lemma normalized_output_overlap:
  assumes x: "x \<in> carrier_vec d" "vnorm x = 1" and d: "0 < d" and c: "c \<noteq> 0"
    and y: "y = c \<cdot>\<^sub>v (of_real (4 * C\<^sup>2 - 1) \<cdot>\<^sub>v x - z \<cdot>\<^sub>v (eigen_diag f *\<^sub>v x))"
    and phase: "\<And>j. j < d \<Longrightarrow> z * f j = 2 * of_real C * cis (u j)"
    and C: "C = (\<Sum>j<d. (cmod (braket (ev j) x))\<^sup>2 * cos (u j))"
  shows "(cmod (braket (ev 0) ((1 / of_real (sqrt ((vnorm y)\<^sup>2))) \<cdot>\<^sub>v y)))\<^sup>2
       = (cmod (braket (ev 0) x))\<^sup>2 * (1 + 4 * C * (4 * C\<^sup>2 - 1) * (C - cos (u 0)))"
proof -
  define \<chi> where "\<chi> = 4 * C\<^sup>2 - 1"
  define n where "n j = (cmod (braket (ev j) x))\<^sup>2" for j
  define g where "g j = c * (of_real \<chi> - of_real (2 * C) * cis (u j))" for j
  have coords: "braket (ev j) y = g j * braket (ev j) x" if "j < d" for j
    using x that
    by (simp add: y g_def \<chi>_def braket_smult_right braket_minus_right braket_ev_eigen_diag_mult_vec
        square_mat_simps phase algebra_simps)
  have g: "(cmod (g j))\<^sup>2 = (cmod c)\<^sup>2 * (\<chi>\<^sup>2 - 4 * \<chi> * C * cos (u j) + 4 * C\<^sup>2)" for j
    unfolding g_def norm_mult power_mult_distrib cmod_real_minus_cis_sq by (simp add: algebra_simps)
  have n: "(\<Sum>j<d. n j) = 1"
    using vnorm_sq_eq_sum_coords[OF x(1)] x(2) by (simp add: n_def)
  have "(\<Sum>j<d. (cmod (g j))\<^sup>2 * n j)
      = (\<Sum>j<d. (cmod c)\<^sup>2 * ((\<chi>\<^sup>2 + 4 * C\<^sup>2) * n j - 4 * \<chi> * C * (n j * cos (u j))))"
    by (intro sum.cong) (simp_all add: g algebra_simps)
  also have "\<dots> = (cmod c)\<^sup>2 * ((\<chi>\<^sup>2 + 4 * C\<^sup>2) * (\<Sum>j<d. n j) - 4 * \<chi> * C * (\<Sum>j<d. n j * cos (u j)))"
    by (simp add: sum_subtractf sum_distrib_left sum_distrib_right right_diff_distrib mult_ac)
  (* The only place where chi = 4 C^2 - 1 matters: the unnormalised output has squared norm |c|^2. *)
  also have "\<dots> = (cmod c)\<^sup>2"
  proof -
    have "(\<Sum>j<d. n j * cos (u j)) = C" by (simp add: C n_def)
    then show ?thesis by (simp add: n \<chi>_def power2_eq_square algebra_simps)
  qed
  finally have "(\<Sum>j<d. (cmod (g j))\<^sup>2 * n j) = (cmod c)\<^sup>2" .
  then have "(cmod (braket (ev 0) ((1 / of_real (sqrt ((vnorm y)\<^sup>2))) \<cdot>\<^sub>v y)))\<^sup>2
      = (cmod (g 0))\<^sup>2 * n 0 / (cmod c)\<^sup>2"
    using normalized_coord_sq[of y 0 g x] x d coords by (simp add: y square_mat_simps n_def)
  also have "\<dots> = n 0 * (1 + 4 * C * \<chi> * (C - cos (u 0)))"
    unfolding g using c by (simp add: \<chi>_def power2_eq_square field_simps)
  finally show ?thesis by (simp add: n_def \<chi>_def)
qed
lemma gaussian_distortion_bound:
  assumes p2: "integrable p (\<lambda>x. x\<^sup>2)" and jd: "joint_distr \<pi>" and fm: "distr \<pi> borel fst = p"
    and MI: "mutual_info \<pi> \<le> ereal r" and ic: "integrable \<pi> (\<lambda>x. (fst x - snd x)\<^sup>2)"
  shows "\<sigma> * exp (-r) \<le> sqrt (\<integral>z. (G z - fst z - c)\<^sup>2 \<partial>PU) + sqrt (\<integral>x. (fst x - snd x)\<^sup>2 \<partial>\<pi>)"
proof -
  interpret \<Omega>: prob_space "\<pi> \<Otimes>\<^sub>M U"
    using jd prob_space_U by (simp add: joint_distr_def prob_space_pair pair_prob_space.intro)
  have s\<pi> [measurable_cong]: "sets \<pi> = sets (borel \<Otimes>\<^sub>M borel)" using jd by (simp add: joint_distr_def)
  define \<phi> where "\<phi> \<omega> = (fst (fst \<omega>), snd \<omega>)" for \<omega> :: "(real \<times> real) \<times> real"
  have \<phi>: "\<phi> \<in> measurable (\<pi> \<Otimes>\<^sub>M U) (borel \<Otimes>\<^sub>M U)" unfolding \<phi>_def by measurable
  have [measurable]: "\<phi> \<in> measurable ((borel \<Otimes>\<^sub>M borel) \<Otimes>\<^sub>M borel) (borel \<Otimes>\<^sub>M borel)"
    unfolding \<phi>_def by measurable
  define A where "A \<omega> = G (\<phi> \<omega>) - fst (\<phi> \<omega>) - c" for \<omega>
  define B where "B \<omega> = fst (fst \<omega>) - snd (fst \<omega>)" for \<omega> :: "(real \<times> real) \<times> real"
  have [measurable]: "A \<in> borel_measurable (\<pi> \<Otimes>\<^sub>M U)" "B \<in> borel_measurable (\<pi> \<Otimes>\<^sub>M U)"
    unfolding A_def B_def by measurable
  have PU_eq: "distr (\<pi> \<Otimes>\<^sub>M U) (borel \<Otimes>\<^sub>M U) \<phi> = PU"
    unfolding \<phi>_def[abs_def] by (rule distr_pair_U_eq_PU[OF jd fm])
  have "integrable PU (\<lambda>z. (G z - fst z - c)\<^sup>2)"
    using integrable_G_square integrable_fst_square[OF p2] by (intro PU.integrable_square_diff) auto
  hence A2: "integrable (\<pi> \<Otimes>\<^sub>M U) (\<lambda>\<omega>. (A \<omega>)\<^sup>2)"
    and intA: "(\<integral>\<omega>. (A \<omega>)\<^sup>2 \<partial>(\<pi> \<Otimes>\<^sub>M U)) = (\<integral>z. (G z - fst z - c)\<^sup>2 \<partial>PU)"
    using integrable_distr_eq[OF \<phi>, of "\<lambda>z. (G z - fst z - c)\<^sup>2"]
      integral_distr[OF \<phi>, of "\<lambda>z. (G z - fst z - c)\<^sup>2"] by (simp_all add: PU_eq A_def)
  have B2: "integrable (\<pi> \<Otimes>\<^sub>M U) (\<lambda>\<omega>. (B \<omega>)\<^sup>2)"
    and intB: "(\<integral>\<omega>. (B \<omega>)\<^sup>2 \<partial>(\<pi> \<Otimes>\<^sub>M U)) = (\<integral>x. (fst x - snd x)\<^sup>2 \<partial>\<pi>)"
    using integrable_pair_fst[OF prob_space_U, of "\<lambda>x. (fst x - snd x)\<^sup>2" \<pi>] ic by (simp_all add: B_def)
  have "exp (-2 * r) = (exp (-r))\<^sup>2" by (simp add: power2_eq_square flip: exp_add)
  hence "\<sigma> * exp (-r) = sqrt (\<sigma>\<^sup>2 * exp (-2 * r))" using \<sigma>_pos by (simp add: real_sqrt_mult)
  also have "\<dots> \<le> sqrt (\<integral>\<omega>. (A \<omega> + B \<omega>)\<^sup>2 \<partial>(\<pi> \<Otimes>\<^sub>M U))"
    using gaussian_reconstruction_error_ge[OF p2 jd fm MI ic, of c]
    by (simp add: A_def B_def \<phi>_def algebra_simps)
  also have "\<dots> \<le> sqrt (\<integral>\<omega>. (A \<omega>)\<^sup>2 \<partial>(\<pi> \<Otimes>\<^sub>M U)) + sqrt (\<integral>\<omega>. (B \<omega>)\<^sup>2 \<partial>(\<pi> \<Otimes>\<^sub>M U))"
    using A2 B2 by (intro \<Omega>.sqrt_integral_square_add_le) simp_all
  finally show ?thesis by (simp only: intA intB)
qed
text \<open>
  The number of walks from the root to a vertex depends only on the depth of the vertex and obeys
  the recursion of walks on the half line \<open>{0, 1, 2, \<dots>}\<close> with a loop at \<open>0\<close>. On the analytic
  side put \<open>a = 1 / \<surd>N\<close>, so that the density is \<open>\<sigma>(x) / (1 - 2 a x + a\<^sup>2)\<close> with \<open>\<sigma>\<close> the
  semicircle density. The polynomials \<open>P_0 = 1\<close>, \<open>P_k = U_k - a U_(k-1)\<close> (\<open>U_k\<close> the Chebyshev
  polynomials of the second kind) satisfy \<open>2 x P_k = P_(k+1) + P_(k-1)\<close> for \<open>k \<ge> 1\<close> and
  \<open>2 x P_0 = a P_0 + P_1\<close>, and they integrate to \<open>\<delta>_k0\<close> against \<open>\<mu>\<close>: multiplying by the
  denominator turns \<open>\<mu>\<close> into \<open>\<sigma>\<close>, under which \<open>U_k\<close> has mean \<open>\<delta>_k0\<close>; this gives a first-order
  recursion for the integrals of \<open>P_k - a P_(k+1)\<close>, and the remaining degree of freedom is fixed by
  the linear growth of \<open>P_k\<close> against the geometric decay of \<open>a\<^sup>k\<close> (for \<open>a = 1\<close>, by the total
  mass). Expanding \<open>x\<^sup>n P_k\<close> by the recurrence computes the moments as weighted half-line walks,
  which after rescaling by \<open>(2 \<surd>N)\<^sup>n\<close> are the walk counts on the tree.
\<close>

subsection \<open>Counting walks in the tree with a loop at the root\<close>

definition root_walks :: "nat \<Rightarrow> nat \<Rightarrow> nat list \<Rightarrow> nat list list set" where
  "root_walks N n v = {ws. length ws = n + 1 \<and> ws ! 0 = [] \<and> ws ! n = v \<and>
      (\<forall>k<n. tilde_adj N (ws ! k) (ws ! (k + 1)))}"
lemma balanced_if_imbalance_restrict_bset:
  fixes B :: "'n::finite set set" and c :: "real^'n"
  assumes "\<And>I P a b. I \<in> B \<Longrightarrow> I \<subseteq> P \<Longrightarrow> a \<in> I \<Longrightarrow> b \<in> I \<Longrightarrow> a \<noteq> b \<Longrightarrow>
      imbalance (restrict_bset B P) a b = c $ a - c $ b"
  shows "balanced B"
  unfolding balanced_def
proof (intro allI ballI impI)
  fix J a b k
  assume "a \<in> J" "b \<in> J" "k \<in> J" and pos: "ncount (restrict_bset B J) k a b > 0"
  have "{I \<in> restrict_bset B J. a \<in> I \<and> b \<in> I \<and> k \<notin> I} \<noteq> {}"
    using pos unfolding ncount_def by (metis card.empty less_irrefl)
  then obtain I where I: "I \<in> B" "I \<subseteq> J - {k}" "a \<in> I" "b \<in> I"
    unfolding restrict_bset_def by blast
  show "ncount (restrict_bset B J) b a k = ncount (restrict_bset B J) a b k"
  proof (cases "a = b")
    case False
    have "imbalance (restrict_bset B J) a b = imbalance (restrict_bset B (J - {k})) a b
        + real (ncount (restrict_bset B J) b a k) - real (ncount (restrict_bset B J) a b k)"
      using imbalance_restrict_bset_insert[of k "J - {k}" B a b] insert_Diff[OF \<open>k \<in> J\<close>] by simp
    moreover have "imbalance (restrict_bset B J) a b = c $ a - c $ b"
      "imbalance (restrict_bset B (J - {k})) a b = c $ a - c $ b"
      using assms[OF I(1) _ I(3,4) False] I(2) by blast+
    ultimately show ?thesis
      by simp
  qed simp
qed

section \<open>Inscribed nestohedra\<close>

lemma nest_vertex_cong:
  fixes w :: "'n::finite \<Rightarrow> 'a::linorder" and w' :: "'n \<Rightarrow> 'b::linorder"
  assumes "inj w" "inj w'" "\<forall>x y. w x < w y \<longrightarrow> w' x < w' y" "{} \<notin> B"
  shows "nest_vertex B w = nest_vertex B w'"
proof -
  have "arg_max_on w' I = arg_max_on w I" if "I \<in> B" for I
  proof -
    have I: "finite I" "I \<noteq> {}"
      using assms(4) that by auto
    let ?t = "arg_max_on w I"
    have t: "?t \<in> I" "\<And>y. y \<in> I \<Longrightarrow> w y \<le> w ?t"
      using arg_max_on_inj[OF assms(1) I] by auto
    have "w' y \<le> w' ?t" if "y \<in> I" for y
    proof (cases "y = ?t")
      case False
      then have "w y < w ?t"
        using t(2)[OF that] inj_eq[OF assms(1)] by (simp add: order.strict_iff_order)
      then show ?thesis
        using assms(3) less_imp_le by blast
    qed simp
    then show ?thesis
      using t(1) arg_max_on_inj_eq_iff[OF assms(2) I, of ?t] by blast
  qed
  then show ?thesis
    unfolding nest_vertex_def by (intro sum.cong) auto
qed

-------

## WORK TO COMPLETE:
Your task is to gather all lines from the entries above that hold the word "delta".

## RESPONSE AREA:
  \<open>2 x P_0 = a P_0 + P_1\<close>, and they integrate to \<open>\<delta>_k0\<close> against \<open>\<mu>\<close>: multiplying by the
  denominator turns \<open>\<mu>\<close> into \<open>\<sigma>\<close>, under which \<open>U_k\<close> has mean \<open>\<delta>_k0\<close>; this gives a first-order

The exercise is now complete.